Eastern Regional Minister
- Incumbent
- Assumed office February 2017
- President: Nana Akuffo-Addo
- Preceded by: Antwi Boasiako Sekyere

Personal details
- Born: Ghana
- Party: New Patriotic Party

= Kwakye Darfour =

Ghanaian politician

Eric Kwakye Darfour (born 1957) is a Ghanaian politician and a member of the New Patriotic Party in Ghana. He is the Eastern Regional minister of Ghana. He was appointed by President Nana Addo Danquah Akuffo-Addo in January 2017 and was approved by the Members of Parliament in February 2017.

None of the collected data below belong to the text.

lemma deviation_mult_block_row:
  assumes n: "odd n" and i: "i < d" and j: "j < hn n"
  shows "(\<Sum>c<d * hn n. deviation d n p S Z (i * hn n + j) c * v c)
       = (\<Sum>k<hn n. dev_seq d n p S Z i (j + k) * v (i * hn n + k))"
proof -
  have "(\<Sum>c<d * hn n. deviation d n p S Z (i * hn n + j) c * v c)
      = (\<Sum>i'<d. \<Sum>k<hn n. deviation d n p S Z (i * hn n + j) (i' * hn n + k) * v (i' * hn n + k))"
    by (rule sum_block_decomp)
  also have "\<dots> = (\<Sum>i'<d. if i = i' then (\<Sum>k<hn n. dev_seq d n p S Z i (j + k) * v (i * hn n + k)) else 0)"
    using n j by (intro sum.cong refl) (auto simp: deviation_block)
  finally show ?thesis using i by simp
qed

lemma spec_norm_deviation_le:
  assumes n: "odd n" and M: "0 \<le> M"
    and fourier: "\<And>i t. i < d \<Longrightarrow> t < n \<Longrightarrow> cmod (dev_fourier d n p S Z i t) \<le> M"
  shows "spec_norm (d * hn n) (d * hn n) (deviation d n p S Z) \<le> M"
proof (rule spec_norm_le[OF M])
  fix v
  let ?m = "hn n"
  have "(\<Sum>r<d * ?m. (cmod (\<Sum>c<d * ?m. deviation d n p S Z r c * v c))\<^sup>2)
      = (\<Sum>i<d. \<Sum>j<?m. (cmod (\<Sum>k<?m. dev_seq d n p S Z i (j + k) * v (i * ?m + k)))\<^sup>2)"
    using n by (subst sum_block_decomp) (simp add: deviation_mult_block_row)
  also have "\<dots> \<le> (\<Sum>i<d. M\<^sup>2 * (\<Sum>k<?m. (cmod (v (i * ?m + k)))\<^sup>2))"
    using fourier hn_pos[OF n] odd_eq_2_hn_minus_1[OF n]
    by (intro sum_mono hankel_sum_sq_le) (auto simp: dev_fourier_def)
  also have "\<dots> = M\<^sup>2 * (\<Sum>c<d * ?m. (cmod (v c))\<^sup>2)"
    by (simp add: sum_distrib_left sum_block_decomp)
  finally show "(\<Sum>r<d * ?m. (cmod (\<Sum>c<d * ?m. deviation d n p S Z r c * v c))\<^sup>2)
      \<le> M\<^sup>2 * (\<Sum>c<d * ?m. (cmod (v c))\<^sup>2)" .
qed

definition fourier_term :: "nat \<Rightarrow> nat \<Rightarrow> (nat \<Rightarrow> nat \<Rightarrow> complex) \<Rightarrow> nat \<Rightarrow> nat \<Rightarrow> nat \<times> nat \<Rightarrow> complex" where
  "fourier_term d n Z i t x = (case x of (l, s) \<Rightarrow>
     Ghat_adj d n Z l s * dft d i l * complex_of_real (1 / sqrt (real (wt n s))) * fourier_kernel n t s)"

lemma dev_fourier_eq_sum:
  "dev_fourier d n p S Z i t
   = (\<Sum>x\<in>{..<d} \<times> {..<n}. complex_of_real (bernoulli_dev p (S x)) * fourier_term d n Z i t x)"
proof -
  have "dev_fourier d n p S Z i t
      = (\<Sum>s<n. \<Sum>l<d. complex_of_real (bernoulli_dev p (S (l, s))) * fourier_term d n Z i t (l, s))"
    unfolding dev_fourier_def dev_seq_def fourier_term_def
    by (intro sum.cong refl) (simp add: sum_distrib_left sum_distrib_right sum_divide_distrib mult_ac)
  also have "\<dots> = (\<Sum>x\<in>{..<d} \<times> {..<n}. complex_of_real (bernoulli_dev p (S x)) * fourier_term d n Z i t x)"
    by (subst sum.swap) (simp add: sum.cartesian_product case_prod_unfold)
  finally show ?thesis .
qed

lemma Re_mult_dev_fourier:
  "Re (w * dev_fourier d n p S Z i t)
   = (\<Sum>x\<in>{..<d} \<times> {..<n}. bernoulli_dev p (S x) * Re (w * fourier_term d n Z i t x))"
  unfolding dev_fourier_eq_sum sum_distrib_left Re_sum
  by (intro sum.cong refl) (simp add: algebra_simps)

lemma Ghat_basis_block:
  assumes "odd n" "j < hn n" "k < hn n" "l < d" "s < n"
  shows "Ghat_basis d n l s (i * hn n + j) (i' * hn n + k) = (if i = i' then dft d i l * Gmat n s j k else 0)"
  unfolding Ghat_basis_def Ghat_block[OF assms(1-3)] Gmat_def using assms
  by (auto simp: if_distrib cong: if_cong)

lemma cnj_Gmat [simp]: "cnj (Gmat n s j k) = Gmat n s j k"
  by (simp add: Gmat_def)

lemma Ghat_adj_eq_mat_inner_basis:
  assumes n: "odd n" and l: "l < d" and s: "s < n"
  shows "Ghat_adj d n Z l s = mat_inner (d * hn n) (d * hn n) Z (Ghat_basis d n l s)"
proof -
  let ?m = "hn n"
  have "mat_inner (d * ?m) (d * ?m) Z (Ghat_basis d n l s)
      = (\<Sum>i<d. \<Sum>j<?m. \<Sum>i'<d. \<Sum>k<?m.
           Z (i * ?m + j) (i' * ?m + k) * cnj (Ghat_basis d n l s (i * ?m + j) (i' * ?m + k)))"
    unfolding mat_inner_def sum_block_decomp ..
  also have "\<dots> = (\<Sum>i<d. \<Sum>j<?m. \<Sum>i'<d. if i = i' then
           (\<Sum>k<?m. Z (i * ?m + j) (i * ?m + k) * (cnj (dft d i l) * Gmat n s j k)) else 0)"
    using n l s by (intro sum.cong refl) (auto simp: Ghat_basis_block)
  also have "\<dots> = Ghat_adj d n Z l s"
    unfolding Ghat_adj_def by (simp add: sum_distrib_left mult_ac)
  finally show ?thesis by simp
qed

lemma cmod_fourier_term:
  assumes n: "odd n" and l: "l < d" and s: "s < n"
  shows "cmod (fourier_term d n Z i t (l, s)) = coef d n Z l s"
  using l unfolding fourier_term_def coef_def Ghat_adj_eq_mat_inner_basis[OF n l s, symmetric]
  by (simp add: norm_mult norm_divide dft_def real_sqrt_mult fourier_kernel_def)

lemma coef_le_normGinf:
  assumes "l < d" "s < n"
  shows "coef d n Z l s \<le> normGinf d n Z"
proof -
  have "finite {coef d n Z l s | l s. l < d \<and> s < n}"
    by (rule finite_subset[of _ "(\<lambda>(l, s). coef d n Z l s) ` ({..<d} \<times> {..<n})"]) auto
  then show ?thesis unfolding normGinf_def by (rule Max_ge) (use assms in blast)
qed

lemma normGinf_nonneg: "0 < d \<Longrightarrow> 0 < n \<Longrightarrow> 0 \<le> normGinf d n Z"
  using coef_le_normGinf[of 0 d 0 n Z] by (simp add: coef_def order_trans[OF _ coef_le_normGinf])

lemma normGF_nonneg: "0 \<le> normGF d n Z"
  unfolding normGF_def by (simp add: sum_nonneg)

lemma sum_coef_sq_eq_normGF_sq:
  "(\<Sum>x\<in>{..<d} \<times> {..<n}. (case x of (l, s) \<Rightarrow> coef d n Z l s)\<^sup>2) = (normGF d n Z)\<^sup>2"
  unfolding normGF_def sum.cartesian_product by (simp add: sum_nonneg case_prod_unfold)

lemma prob_Re_mult_dev_fourier_gt:
  assumes d: "0 < d" and n: "odd n" and p: "0 < p" "p \<le> 1" and w: "cmod w = 1" and L: "0 < L"
    and tau_var: "2 * sqrt (L / p) * normGF d n Z \<le> \<tau>"
    and tau_range: "2 * L * normGinf d n Z / p \<le> \<tau>"
  shows "measure_pmf.prob (bernoulli_model d n p) {S. \<tau> < Re (w * dev_fourier d n p S Z i t)} \<le> exp (- L)"
proof -
  define I where "I = {..<d} \<times> {..<n}"
  define beta where "beta x = Re (w * fourier_term d n Z i t x)" for x
  have beta_le: "\<bar>beta x\<bar> \<le> (case x of (l, s) \<Rightarrow> coef d n Z l s)" if x: "x \<in> I" for x
  proof -
    obtain l s where x: "x = (l, s)" "l < d" "s < n" using x unfolding I_def by auto
    have "\<bar>beta x\<bar> \<le> cmod (w * fourier_term d n Z i t x)"
      unfolding beta_def by (rule abs_Re_le_cmod)
    then show ?thesis using w x cmod_fourier_term[OF n x(2,3)] by (simp add: norm_mult)
  qed
  have range: "\<bar>beta x\<bar> \<le> normGinf d n Z" if x: "x \<in> I" for x
  proof -
    obtain l s where "x = (l, s)" "l < d" "s < n" using x unfolding I_def by auto
    then show ?thesis using beta_le[OF x] coef_le_normGinf[of l d s n Z] by simp
  qed
  have "(\<Sum>x\<in>I. (beta x)\<^sup>2) \<le> (\<Sum>x\<in>I. (case x of (l, s) \<Rightarrow> coef d n Z l s)\<^sup>2)"
    using beta_le by (intro sum_mono) (metis abs_ge_zero power2_abs power_mono)
  then have "(\<Sum>x\<in>I. (beta x)\<^sup>2) \<le> (normGF d n Z)\<^sup>2"
    unfolding I_def sum_coef_sq_eq_normGF_sq .
  then have "2 * sqrt (L * (\<Sum>x\<in>I. (beta x)\<^sup>2) / p) \<le> 2 * sqrt (L * (normGF d n Z)\<^sup>2 / p)"
    using L p by (simp add: divide_right_mono)
  also have "\<dots> = 2 * sqrt (L / p) * normGF d n Z"
    by (simp add: real_sqrt_mult real_sqrt_divide normGF_nonneg)
  finally have var: "2 * sqrt (L * (\<Sum>x\<in>I. (beta x)\<^sup>2) / p) \<le> \<tau>"
    using tau_var by linarith
  have "measure_pmf.prob (Pi_pmf I False (\<lambda>_. bernoulli_pmf p))
      {S. \<tau> < (\<Sum>x\<in>I. bernoulli_dev p (S x) * beta x)} \<le> exp (- L)"
    by (rule bernoulli_dev_sum_tail[OF _ p range normGinf_nonneg L var tau_range])
       (use d odd_pos[OF n] in \<open>auto simp: I_def\<close>)
  then show ?thesis
    unfolding bernoulli_model_def Re_mult_dev_fourier I_def beta_def .
qed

== Early life and education ==
He was born on the 29 September 1957 in Achimota Accra. He started his basic education at Obo Government School in Obo Kwahu his hometown. After his middle school certificate he processed to St. John Grammar School and Ofori Panin Senior High for his 'O' Level And 'A' Level respectively.

In 1981, Kwakye Darfour studied in the University of Dakar, Senegal for a higher diploma in French and later acquired BA (HONS) in French and Linguistics from University of Ghana, Legon.

== Political career ==
He was elected in 2012 Ghanaian general elections and re-elected in 2017 after obtaining 73.48% of votes cast.